About Remote Reach

Note Remote Reach is currently supported on these Digi devices: IX25.

Remote Reach is a Digi Remote Manager feature for securely connecting to reachable devices that are on the same network as your Digi device. Instead of exposing public IP addresses, opening firewall ports, or building custom VPN and routing configurations, Remote Reach uses your Digi device as the access path to downstream devices on or behind the network.

Remote Reach is primarily intended for connecting to devices near the Digi router, such as devices on the router's LAN, Wi-Fi network, or serial connection. Examples include point-of-sale systems, web-based management interfaces, industrial controllers, servers, and other on-site systems.

Why Remote Reach

Use Remote Reach when you need browser-based access to equipment at a remote site without dispatching a technician or changing the site network design. Remote Reach can help teams reduce time to recovery for remote systems such as:

  • Web management interfaces for equipment on the local network

  • Windows systems that support RDP

  • Linux, macOS, or other systems that support VNC or SSH

  • Industrial equipment or controllers connected by serial interface

  • Other systems reachable through supported protocols

Remote Reach is designed to provide a simpler alternative to public IP addressing, exposed firewall ports, or a separate third-party remote access tool.

Supported connection types

Remote Reach supports commonly used remote access protocols, including:

  • HTTP and HTTPS for web management interfaces

  • SSH for command-line access

  • Telnet for legacy command-line access

  • RDP for Windows Remote Desktop access

  • VNC for remote desktop access

  • Serial access for equipment connected to the Digi router by serial cable

The available connection types can vary based on the endpoint configuration and the capabilities of the target device.

How Remote Reach works

Remote Reach uses a secure WebRTC-based connection between the user's browser and the Digi router. Because the connection is browser-based, users do not need to install a separate client application to start a Remote Reach session.

Remote Reach setup process

Remote Reach setup has three parts:

  • Enabling Remote Reach for the account via the account settings in Digi Remote Manager.

  • Using a template to install the Remote Reach files on the Digi device(s).

    Tip Remote Reach cannot be enabled in the device's settings. You must enable Remote Reach with a template, even if you only want to use Remote Reach on one device.

  • Discovering, configuring, and adding device endpoints to Remote Reach.

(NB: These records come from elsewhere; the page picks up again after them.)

lemma dual_pair_attaining_primal_bound:
  fixes A :: "'x::real_normed_vector \<Rightarrow>\<^sub>L 'y::real_normed_vector"
    and B :: "'x \<Rightarrow>\<^sub>L 'z::real_normed_vector"
  assumes "0 \<le> \<rho>" and "0 < \<delta>" and primal_bound: "\<And>x. \<delta> \<le> norm (y0 - A x) + \<rho> * norm (B x)"
  obtains l :: "'y \<Rightarrow>\<^sub>L real" and m :: "'z \<Rightarrow>\<^sub>L real"
  where "norm l \<le> 1" and "norm m \<le> 1" and "adjoint_op A l + \<rho> *\<^sub>R adjoint_op B m = 0"
    and "l y0 = \<delta>"
proof -
  define p :: "'y \<times> 'z \<Rightarrow> real" where "p = (\<lambda>v. norm (fst v) + norm (snd v))"
  define V where "V = range (\<lambda>x. (A x, \<rho> *\<^sub>R B x))"
  have "subspace V"
    unfolding V_def
    by (intro linear_subspace_image subspace_UNIV linearI)
      (simp_all add: blinfun.add_right blinfun.scaleR_right algebra_simps)
  moreover have "\<delta> \<le> p ((y0, 0) - v)" if "v \<in> V" for v
    using that primal_bound \<open>0 \<le> \<rho>\<close> by (auto simp: V_def p_def)
  moreover have "sublinear p" and "0 \<le> p v" for v
    unfolding p_def using sublinear_sum_norm by simp_all
  ultimately obtain F where F: "linear F" "\<And>v. F v \<le> p v"
    and F_V: "\<And>v. v \<in> V \<Longrightarrow> F v = 0" and F_y0: "F (y0, 0) = \<delta>"
    using sublinear_distance_functional \<open>0 < \<delta>\<close> by blast
  then obtain l :: "'y \<Rightarrow>\<^sub>L real" and m :: "'z \<Rightarrow>\<^sub>L real"
    where lm: "norm l \<le> 1" "norm m \<le> 1" and F_lm: "\<And>y z. F (y, z) = l y + m z"
    using linear_le_sum_norm_split unfolding p_def by blast
  have "(A x, \<rho> *\<^sub>R B x) \<in> V" for x
    unfolding V_def by (rule rangeI)
  then have "l (A x) + \<rho> * m (B x) = 0" for x
    using F_V F_lm[of "A x" "\<rho> *\<^sub>R B x"] by (simp add: blinfun.scaleR_right)
  then show ?thesis
    using that lm F_y0 F_lm unfolding adjoint_op_combination_eq_0_iff by simp
qed

theorem strong_duality:
  fixes A :: "'x::real_normed_vector \<Rightarrow>\<^sub>L 'y::real_normed_vector"
    and B :: "'x \<Rightarrow>\<^sub>L 'z::real_normed_vector"
  assumes "0 \<le> \<rho>" and primal_pos: "0 < Inf {norm (y0 - A x) + \<rho> * norm (B x) | x. True}"
  shows "Sup {\<bar>blinfun_apply l y0\<bar> | (l :: 'y \<Rightarrow>\<^sub>L real) (m :: 'z \<Rightarrow>\<^sub>L real).
               max (norm l) (norm m) \<le> 1 \<and> adjoint_op A l + \<rho> *\<^sub>R adjoint_op B m = 0}
       = Inf {norm (y0 - A x) + \<rho> * norm (B x) | x. True}"
    (is "Sup ?D = Inf ?P")
proof -
  have "bdd_below ?P"
    using \<open>0 \<le> \<rho>\<close> by (auto intro!: bdd_belowI[of _ 0])
  then have primal_bound: "Inf ?P \<le> norm (y0 - A x) + \<rho> * norm (B x)" for x
    by (intro cInf_lower) blast+
  obtain l :: "'y \<Rightarrow>\<^sub>L real" and m :: "'z \<Rightarrow>\<^sub>L real"
    where "norm l \<le> 1" "norm m \<le> 1" "adjoint_op A l + \<rho> *\<^sub>R adjoint_op B m = 0"
      and "l y0 = Inf ?P"
    using dual_pair_attaining_primal_bound[OF \<open>0 \<le> \<rho>\<close> primal_pos primal_bound] by blast
  then have "Inf ?P \<in> ?D"
    using primal_pos by force
  moreover have "d \<le> Inf ?P" if "d \<in> ?D" for d
    using that weak_duality[OF \<open>0 \<le> \<rho>\<close>] by (force intro!: cInf_greatest)
  ultimately show ?thesis
    by (intro antisym cSup_least cSup_upper bdd_aboveI[of _ "Inf ?P"]) auto
qed

lemma one_le_norm_blinfun:
  fixes l :: "'a::real_normed_vector \<Rightarrow>\<^sub>L real"
  assumes "l u = norm u" and "u \<noteq> 0"
  shows "1 \<le> norm l"
  using norm_blinfun[of l u] assms by simp

lemma norming_for_normalized:
  fixes l :: "'a::real_normed_vector \<Rightarrow>\<^sub>L real"
  assumes "l u = norm u" and "norm l = 1" and "u \<noteq> 0"
  shows "norming_for (u /\<^sub>R norm u) l"
  using assms unfolding norming_for_def by (simp add: blinfun.scaleR_right)

lemma norm_attaining_pair_cases:
  fixes l :: "'a::real_normed_vector \<Rightarrow>\<^sub>L real" and m :: "'b::real_normed_vector \<Rightarrow>\<^sub>L real"
  assumes "max (norm l) (norm m) = 1" and l_u: "l u = norm u" and m_w: "m w = norm w"
  shows "(norm l > norm m \<longrightarrow> w = 0) \<and> (norm l < norm m \<longrightarrow> u = 0)
    \<and> (norm l = norm m \<longrightarrow> u = 0 \<or> w = 0
         \<or> (norming_for (u /\<^sub>R norm u) l \<and> norming_for (w /\<^sub>R norm w) m))"
proof (intro conjI impI)
  show "w = 0" if "norm l > norm m"
    using that assms(1) one_le_norm_blinfun[OF m_w] by (cases "w = 0") auto
  show "u = 0" if "norm l < norm m"
    using that assms(1) one_le_norm_blinfun[OF l_u] by (cases "u = 0") auto
  show "u = 0 \<or> w = 0 \<or> (norming_for (u /\<^sub>R norm u) l \<and> norming_for (w /\<^sub>R norm w) m)"
    if "norm l = norm m"
    using that assms(1) norming_for_normalized[OF l_u] norming_for_normalized[OF m_w] by auto
qed

theorem proposition3p6:
  fixes A :: "'x::banach \<Rightarrow>\<^sub>L 'y::banach"
    and B :: "'x \<Rightarrow>\<^sub>L 'z::banach"
    and y0 :: 'y and \<rho> :: real
    and xh :: 'x and lh :: "'y \<Rightarrow>\<^sub>L real" and mh :: "'z \<Rightarrow>\<^sub>L real"
  assumes rho: "\<rho> > 0"
    and xmin: "norm (y0 - A xh) + \<rho> * norm (B xh)
               = Inf {norm (y0 - A x) + \<rho> * norm (B x) | x. True}"
    and infpos: "Inf {norm (y0 - A x) + \<rho> * norm (B x) | x. True} > 0"
    and dnorm: "max (norm lh) (norm mh) = 1"
    and dfeas: "adjoint_op A lh + \<rho> *\<^sub>R adjoint_op B mh = 0"
    and dopt: "lh y0 = Sup {\<bar>blinfun_apply l y0\<bar> | (l :: 'y \<Rightarrow>\<^sub>L real) (m :: 'z \<Rightarrow>\<^sub>L real). max (norm l) (norm m) \<le> 1
                    \<and> adjoint_op A l + \<rho> *\<^sub>R adjoint_op B m = 0}"
    and suppos: "Sup {\<bar>blinfun_apply l y0\<bar> | (l :: 'y \<Rightarrow>\<^sub>L real) (m :: 'z \<Rightarrow>\<^sub>L real). max (norm l) (norm m) \<le> 1
                    \<and> adjoint_op A l + \<rho> *\<^sub>R adjoint_op B m = 0} > 0"
  shows "(norm lh > norm mh \<longrightarrow> B xh = 0 \<and> norm (y0 - A xh) = lh y0)
       \<and> (norm lh < norm mh \<longrightarrow> A xh = y0 \<and> \<rho> * norm (B xh) = lh y0)
       \<and> (norm lh = norm mh \<longrightarrow>
            (B xh = 0 \<and> norm (y0 - A xh) = lh y0)
          \<or> (A xh = y0 \<and> \<rho> * norm (B xh) = lh y0)
          \<or> (y0 - A xh \<noteq> 0 \<and> B xh \<noteq> 0
             \<and> norming_for ((y0 - A xh) /\<^sub>R norm (y0 - A xh)) lh
             \<and> norming_for (- (B xh /\<^sub>R norm (B xh))) mh))"
proof -
  have optimal_value: "lh y0 = norm (y0 - A xh) + \<rho> * norm (B xh)"
    using dopt strong_duality[OF less_imp_le[OF rho] infpos] xmin by simp
  have "norm lh \<le> 1" and "norm mh \<le> 1"
    using dnorm by auto
  then have "lh (y0 - A xh) = norm (y0 - A xh)" and "mh (- B xh) = norm (- B xh)"
    using complementary_slackness[OF rho _ _ dfeas optimal_value] by blast+
  from norm_attaining_pair_cases[OF dnorm this] show ?thesis
    using optimal_value by auto
qed

end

For more information about this process, see Workflow | Remote Reach implementation.

Endpoints

An endpoint is a saved downstream device or service that Remote Reach can access through the Digi device's network. Each endpoint includes information such as a name, the IP address, and one or more services or protocols used to connect to that target.

For example, an endpoint might represent a point-of-sale computer with RDP enabled, a server with an HTTPS management interface, or an industrial controller available through a serial connection.

Security notes

Remote Reach is designed to avoid exposing public IP addresses or inbound firewall ports for downstream equipment. Remote Reach sessions are encrypted, and the preferred data path is peer-to-peer between the browser and the Digi router.

You are still responsible for authenticating to the downstream device. For example, when connecting to an HTTPS management interface that uses a self-signed certificate, the browser may display a certificate warning similar to the warning shown when accessing that same interface locally.